In 2018 I had decided to split the translation module into 3 components: IRC client, translation module and dictionary module. Also, unit-test them and make them easily deployable on platform. For the trivia, properly configuring botjagwar on a computer took me days, now it takes minutes, and downloading dependencies takes a huge part of those minutes.

The dictionary module (dictionary_service) was going to be a REST interface whose backend would be a database (MySQL? PostgreSQL? SQLite? I don't care). It stores words. The translation module (entry_translator) was going to be a REST interface whose role is to interact with the dictionary module. Upon a REST request, it fetches a page, parses it and performs translation with the help of the dictionary module. The IRC client interface receives messages from the server each time an edit is made and call the translation module to do its job.

In 2018 to 2020, code migration from python 2.7 to 3.6 was finished and the main feature was properly test-covered, so I went on to scrape the English Wiktionary for its inflection entries.
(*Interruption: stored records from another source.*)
theorem proposition3p5:
  fixes imp :: "'a \<Rightarrow> 'a \<Rightarrow> 'a" and neg pl mi :: "'a \<Rightarrow> 'a" and one :: 'a
  assumes "quasi_wajsberg_star imp neg pl mi one"
  defines "zero \<equiv> imp one one"
      and "join \<equiv> qw_join imp neg pl mi"
      and "meet \<equiv> qw_meet imp neg pl mi"
  shows "\<forall>x y.
     (join x zero = imp zero (pl x) \<and> meet x zero = imp zero (mi x)) \<and>
     (join (pl x) zero = imp zero (pl x) \<and> meet (mi x) zero = imp zero (mi x) \<and>
      join (mi x) zero = zero \<and> meet (pl x) zero = zero) \<and>
     (join x y = imp (neg (join (pl x) (pl y))) (join (mi x) (mi y)) \<and>
      meet x y = imp (neg (meet (pl x) (pl y))) (meet (mi x) (mi y))) \<and>
     (join (pl x) (mi x) = imp zero (pl x) \<and> meet (pl x) (mi x) = imp zero (mi x)) \<and>
     (imp zero x = imp (neg (pl x)) (mi x)) \<and>
     (pl (join x y) = join (pl x) (pl y) \<and> mi (join x y) = join (mi x) (mi y) \<and>
      pl (meet x y) = meet (pl x) (pl y) \<and> mi (meet x y) = meet (mi x) (mi y)) \<and>
     (join x (meet x y) = join x x \<and> meet x (join x y) = meet x x)"
proof -
  interpret quasi_wajsberg_star_algebra imp neg pl mi one
    by unfold_locales (fact assms(1))
  show ?thesis
    unfolding zero_def join_def meet_def
    by (intro allI conjI)
      (rule join_zero meet_zero join_pl_zero meet_mi_zero join_mi_zero meet_pl_zero
        join_decompose meet_decompose join_pl_mi meet_pl_mi zero_imp_eq
        pl_join mi_join pl_meet mi_meet join_meet_absorb meet_join_absorb)+
qed

end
An additional 2 million entries were created as a result making the Malagasy Wiktionary jump from to 4 to 6 million entries.

2020: Front-end

In 2020 due to Covid-19 pandemic and the lockdown that ensued, I was determined to create a front-end to manage the massive amount of data gathered from other websites. That's how botjagwar-frontend was created.

2020: Do-over

Eventually, the sheer number of automatically created entries and their quality created some turmoil among the Wiktionary community and some of them have teamed together to file a request for comments which has seen the deletion of over 4.8 million of the automatically created entries. Maybe I'll stop here at the moment, but hopefully the adventure will still continue.